We are grateful to Jonathan Bober for the attribution to Giovanni Francesco Castiglione on the basis of photographs.
In the lower left corner sits a dog, looking up at the figure of God with the loyalty characteristic of its nature, while a cat seems distracted by the goose spreading its wings by its side. On the right, a deer turns its head cautiously, as if ready to disappear into the wilderness. At its feet, a pheasant, a hen and turkey with its mate are assembled, while two parrots look down on the scene from a tree and a bird resembling an ostrich joins the composition from the right, standing between two horses. In the centre, a donkey stretches his muzzle over a goat and a calf, while a peahen and a peacock with magnificent plumage cut across the picture foreground. Elephants and camels can be seen in the distance, while the heads of a sheep and a wild boar appear on the right and left-hand corners of the canvas, suggesting the narrative expands beyond the limits of the painted surface.
Giovanni Francesco Castiglione was the son and pupil of Giovanni Benedetto Castiglione, known as Il Grechetto (c. 1609-1663/65). He spent his formative years travelling with his father between their native Genoa and Rome, Venice, and the courts of Padua and Mantua. In 1664, at around the time of his father's death, Francesco received a commission from Marquis Ottavio Gonzaga the Elder to decorate a room in his villa at Portiolo, and in subsequent years appears to have been much patronised by the Gonzaga, being made court painter to Duke Ferdinando Carlo in 1681. Like his father, Francesco specialised in works that merged the tradition of Italian history painting with the Northern European genre of barnyard scenes, exemplified by artists such as Frans Snyders, which were being widely collected in Italy at the time.

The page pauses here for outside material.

(* Let $\bm{A}=[\bm{A}_1\ \bm{A}_2]$ have full column rank with $\bm{A}_j^\top\bm{A}_j=\bm{I}_j$, $\bm{C}:=\bm{A}_2^\top\bm{A}_1\ne0$, $r:=\operatorname{rank}(\bm{C})$. Then $\min_{\gamma_1>0}\rho(\bm{M}(\gamma_1,1))=\dfrac{\lambda_1(\bm{C}\bm{C}^\top)}{2-\lambda_1(\bm{C}\bm{C}^\top)}$ if $r<n_1$, attained at $\gamma_1=\frac{2}{2-\lambda_1(\bm{C}\bm{C}^\top)}$; and $\min_{\gamma_1>0}\rho(\bm{M}(\gamma_1,1))=\dfrac{\lambda_1(\bm{C}\bm{C}^\top)-\lambda_r(\bm{C}\bm{C}^\top)}{2-\lambda_1(\bm{C}\bm{C}^\top)-\lambda_r(\bm{C}\bm{C}^\top)}$ if $r=n_1$, attained (when $r=n_1>1$) at $\gamma_1=\frac{2}{2-\lambda_1(\bm{C}\bm{C}^\top)-\lambda_r(\bm{C}\bm{C}^\top)}$.
   Context: $\rho$: spectral radius; $\lambda_i$: $i$-th largest eigenvalue. $\bm{M}(\gamma_1,\gamma_2)=\begin{bmatrix}(1-\gamma_1)\bm{I}_1&-\gamma_1\bm{C}^\top\\-\gamma_2(1-\gamma_1)\bm{C}&(1-\gamma_2)\bm{I}_2+\gamma_1\gamma_2\bm{C}\bm{C}^\top\end{bmatrix}$, the two-block gradient descent iteration matrix with stepsizes $\gamma_1,\gamma_2$ for $\frac12\|\bm{A}\bm{x}-\bm{y}\|^2$ under $\bm{A}_j^\top\bm{A}_j=\bm{I}_j$. *)

theory Defs
  imports "Jordan_Normal_Form.Spectral_Radius" "Jordan_Normal_Form.DL_Rank" "HOL-Library.Multiset"
begin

Writing in the 18th century, the biographer Raffaello Soprani warns us that Francesco had been such a close follower of his father, that their work was often confused even by the most attentive observers (see R. Soprani, Vite de' pittori, scultori, ed architetti genovesi, ed. C.G. Ratti, Genoa, 1768, p. 315). Indeed, their shared pictorial language and compositional choices have often made it difficult to distinguish their oeuvre. Ann Percy (loc. cit.) attributed the present composition to Grechetto and proposed dating it to the artist's maturity, in the late 1650s. Mary Newcome, on the other hand, dates it to the early 1630s, before Grechetto's stay in Rome (op. cit., 1990, p. 249), while Timothy Standring equally considers it a work of Francesco's father, though from the 1640s, when the artist was keen on establishing himself in Genoa (op. cit., 2001).
The bold positioning of the animals across the picture's foreground is a device widely used by Grechetto, as exemplified by his Christ chasing the money-lenders from the temple now in the Louvre, Paris (see S. Loire, Peintures italiennes du XVIIe siècle du musée du Louvre, Paris, 2006, pp. 86-7). Comparison with paintings such as Francesco's Noah's Offering in the Kress Foundation (see F. Rusk Shapley, Paintings from the Samuel H. Kress collection, London, 1973, p. 92, no. K1705), however, reveal the artist's unique sensibility in the handling of the brush, which favours a uniform impasto and meticulous touch, as visible in the present composition's treatment of each different surface texture.
We are grateful to Jonathan Bober for the attribution to Giovanni Francesco Castiglione on the basis of photographs.